The deal mirrors Purdue’s recent deal to train Infosys. Purdue’s deal involved providing facilities, materials and instructors as well as course creation and latterly research. At the time it was speculated this could be part of a more serious strategy by universities to go become workforce training providers, Northeastern’s deal with IBM seems to confirm this.

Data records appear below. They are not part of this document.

(* Assume the setting below, and that every nonempty intersection $\bigcap_{v\in A}Z_v\cap\bigcap_{\rho\in B}W_\rho$ ($\emptyset\neq A\subseteq V_f$, $B\subseteq V_\infty$) is irreducible. Let $\tau$ be a cell and let $f_\tau\in\operatorname{Rat}(X)$ satisfy: (i) $\operatorname{trop}(f_\tau)\equiv0$ on $\Theta_\tau$; (ii) $\operatorname{trop}(f_\tau)>0$ on $\Theta_\eta\setminus\Theta_\tau$ for every cell $\eta$; (iii) for every cell $\eta$, $\operatorname{trop}(f_\tau)|_{\Theta_\eta}$ is concave and its slope near infinity along every ray $\{u+te_\rho\}\subseteq\Theta_\eta$ with $\rho\in B_\eta\setminus B_\tau$ is positive. Then for every cell $\eta$ and every half-line $\{p+tw:t\ge0\}\subseteq\Theta_\eta$ with $w\in\mathbb R^{B_\eta}_{\ge0}$ having $w_\rho>0$ for some $\rho\in B_\eta\setminus B_\tau$ (i.e. a half-line of $\Theta_\eta$ not parallel to $\Theta_\tau$), the slope near infinity of $\operatorname{trop}(f_\tau)$ along this half-line is positive.
   Context: Setting. Let $K$ be a complete discretely valued field with valuation $\nu_K\colon K\to\mathbb Z\cup\{\infty\}$, valuation ring $R$, uniformizer $\varpi$ with $\nu_K(\varpi)=1$, residue field $\kappa$, and absolute value $|a|=\exp(-\nu_K(a))$. Let $X$ be a smooth projective geometrically connected variety of dimension $d$ over $K$. A strictly semistable pair of $X$ is a pair $(\mathscr X,\mathcal H)$ where $\mathscr X$ is an integral projective flat $R$-scheme with an isomorphism $\mathscr X\times_R K\cong X$, $\mathcal H=\sum_{\rho\in V_\infty}W_\rho$ is a sum of pairwise distinct irreducible hypersurfaces $W_\rho$ of $\mathscr X$, and $\mathscr X$ is covered by open subsets $\mathcal U$ admitting étale morphisms $\psi\colon\mathcal U\to\operatorname{Spec}R[x_0,\dots,x_d]/(x_0\cdots x_r-\varpi)$ ($0\le r\le d$) such that each $W_\rho\cap\mathcal U$ is empty or is defined by $\psi^*(x_j)$ for some $r+1\le j\le d$. Let $Z_v$, $v\in V_f$, be the irreducible components of the special fiber $\mathscr X_\kappa$. Strata and dual complex. Under the irreducibility assumption of the claim, the cells $\tau$ of the dual complex $\Delta(\mathscr X,\mathcal H)$ correspond to the pairs $(A_\tau,B_\tau)$ with $\emptyset\ne A_\tau\subseteq V_f$, $B_\tau\subseteq V_\infty$ and $S_\tau:=\bigcap_{v\in A_\tau}Z_v\cap\bigcap_{\rho\in B_\tau}W_\rho\neq\emptyset$; let $\xi_\tau$ be the generic point of $S_\tau$. To $\tau$ is attached $\Theta_\tau=\sigma^{A_\tau}\times\mathbb R_{\ge0}^{B_\tau}\subseteq\mathbb R^{A_\tau\cup B_\tau}$, where $\sigma^A=\{u\in\mathbb R^A_{\ge0}:\sum_{v}u_v=1\}$, and $\Theta_\tau$ is glued to $\Theta_\eta$ along the common face $\Theta_{\tau\cap\eta}$ (indexed by $A_\tau\cap A_\eta$, $B_\tau\cap B_\eta$), $\Theta_\sigma\subseteq\Theta_\tau$ being the face where the coordinates outside $A_\sigma\cup B_\sigma$ vanish; this gives $|\Delta(\mathscr X,\mathcal H)|$. The slope near infinity of a piecewise affine $F$ along $\{p+tw\}$ is $\frac{d}{dt}F(p+tw)$ for $t\gg0$. Tropicalization. For $u\in\Theta_\tau$, choose local equations $z_v$ ($v\in A_\tau$) of $Z_v$ and $w_\rho$ ($\rho\in B_\tau$) of $W_\rho$ at $\xi_\tau$; every $f$ in the completion $\widehat{\mathcal O}_{\mathscr X,\xi_\tau}$ has an admissible expansion $f=\sum_{m\in\mathbb Z_{\ge0}^{A_\tau\cup B_\tau}}a_m\prod z_v^{m_v}\prod w_\rho^{m_\rho}$ with each $a_m$ zero or a unit, and $\nu_u(f)=\min\{\sum_v u_vm_v+\sum_\rho u_\rho m_\rho: a_m\neq0\}$ is independent of choices, extends to a valuation on $\operatorname{Rat}(X)$ extending $\nu_K$, and is compatible with faces. Set $\operatorname{trop}(f)(u)=\nu_u(f)$. *)

theory Defs
  imports "HOL-Analysis.Analysis"
begin

text \<open>Coordinates are indexed by V_f + V_infinity: Inl v for v in V_f, Inr rho for rho in V_infinity.
  A cell tau is given by the pair (A_tau, B_tau); all cells are realised in the
  common ambient space of functions ('v + 'r) => real, where the gluing along common
  faces becomes set-theoretic intersection.\<close>

type_synonym ('v, 'r) pt = "('v + 'r) \<Rightarrow> real"

definition cell_coords :: "'v set \<times> 'r set \<Rightarrow> ('v + 'r) set" where
  "cell_coords c = Inl ` fst c \<union> Inr ` snd c"

text \<open>Theta_tau = sigma^{A_tau} x R_{>=0}^{B_tau}, coordinates outside A_tau, B_tau vanish.\<close>
definition Theta :: "'v set \<times> 'r set \<Rightarrow> ('v, 'r) pt set" where
  "Theta c = {u. (\<forall>x. 0 \<le> u x) \<and> (\<forall>x. x \<notin> cell_coords c \<longrightarrow> u x = 0)
                 \<and> (\<Sum>v\<in>fst c. u (Inl v)) = 1}"

definition dual_complex :: "'v set \<Rightarrow> 'r set \<Rightarrow> ('v set \<times> 'r set) set \<Rightarrow> bool" where
  "dual_complex Vf Vinf C \<longleftrightarrow> finite Vf \<and> finite Vinf \<and>
     (\<forall>(A,B)\<in>C. A \<noteq> {} \<and> A \<subseteq> Vf \<and> B \<subseteq> Vinf) \<and>
     (\<forall>(A,B)\<in>C. \<forall>A' B'. A' \<noteq> {} \<and> A' \<subseteq> A \<and> B' \<subseteq> B \<longrightarrow> (A',B') \<in> C)"

definition pairing :: "('v + 'r) set \<Rightarrow> ('v, 'r) pt \<Rightarrow> (('v + 'r) \<Rightarrow> nat) \<Rightarrow> real" where
  "pairing I u m = (\<Sum>x\<in>I. u x * real (m x))"
(* A \<tau>(A)-open set U contains a Euclidean ball (intersected with X_n) around each of its
   points in P_n \<union> A, so U \<inter> (P_n \<union> A) lies in the Euclidean open set
   interior (U \<union> -X_n).  A Euclidean open set containing the Bernstein set A misses only
   countably many points of L_n: the remainder is closed and disjoint from A, hence contains
   no uncountable compact set.
   Lindelof: by Euclidean Lindelof, countably many members of a cover already cover the union
   of these interiors, and only countably many points of L_n lie outside it.
   Not perfect: A is \<tau>(A)-closed.  If A = \<Inter>\<U> with \<U> countable and \<tau>(A)-open, every point of
   L_n - A lies outside one of the countably many interiors, so L_n - A would be countable,
   whereas the complement of a Bernstein set is uncountable. *)

lemma tangent_ball_mono:
  fixes a :: "'a::metric_space"
  assumes "e \<le> e'"
  shows "ball (a, e) e \<subseteq> ball (a, e') e'"
proof
  fix y assume "y \<in> ball (a, e) e"
  moreover have "dist (a, e') y \<le> dist (a, e') (a, e) + dist (a, e) y"
    by (rule dist_triangle)
  moreover have "dist (a, e') (a, e) = e' - e"
    using assms by (simp add: dist_Pair_Pair dist_real_def)
  ultimately show "y \<in> ball (a, e') e'" by simp
qed

lemma ball_subset_Pn:
  fixes x :: "'a::euclidean_space \<times> real"
  assumes "e \<le> snd x"
  shows "ball x e \<subseteq> Pn"
proof
  fix y assume "y \<in> ball x e"
  then have "\<bar>snd x - snd y\<bar> < e"
    using dist_snd_le[of x y] by (simp add: dist_real_def)
  then show "y \<in> Pn" using assms by (simp add: Pn_def)
qed

lemma tangent_ball_subset_Pn: "ball (a::'a::euclidean_space, e) e \<subseteq> Pn"
  using ball_subset_Pn[of e "(a, e)"] by simp

lemma Ln_Int_Pn: "Ln \<inter> Pn = {}"
  by (auto simp: Ln_def Pn_def)

lemma closed_Ln: "closed (Ln :: ('a::euclidean_space \<times> real) set)"
proof -
  have "(Ln :: ('a \<times> real) set) = UNIV \<times> {0}" by (auto simp: Ln_def)
  then show ?thesis by (metis closed_Times closed_UNIV closed_singleton)
qed

lemma basic_nbhd_mono:
  assumes "e \<le> e'"
  shows "basic_nbhd A x e \<subseteq> basic_nbhd A x e'"
  using assms tangent_ball_mono[OF assms, of "fst x"]
  by (auto simp: basic_nbhd_def tildeB_def)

This is more than just a new business venture (no pun intended) for universities. It creates a new type of degree both in content and structure. In content it’s formally recognising and integrating company training into traditional academic curriculums which is a possible breakthrough in the ongoing ‘employability’ critique of Universities in the US and the UK. In structure it is creating a new type of ‘on the job degree’ rather than study around work the two will be integrated formally.

British readers will be very familiar with this, these are degree apprenticeships which the government has made a push to introduce as an alternative to the degree. In degree apprenticeships, those not wishing to go to university can go straight into a job, their workplace training is combined with academic content which can add up to a degree. In the UK, this is funded by larger corporations whose payroll is taxed 0.5% to fund apprenticeships nationally. The US doesn’t have this coordination which may limit it to the larger firms such as Starbucks and Amazon who can use it for employee recruitment and retention.

The IBM deal has another notable feature — modularisation. Cognitiveclasses.ai courses are all small modules that with Northeastern can now be stacked into a wider degree program. Open, stackable degrees have been talked about, particular by MOOC platforms for a while but deals such as this — which create the formal structure for it — and noises from legislators such as in California (see this edition’s newsletter) suggest we may be witnessing some of the unbundling of the degree that was promised when MOOCs first appeared.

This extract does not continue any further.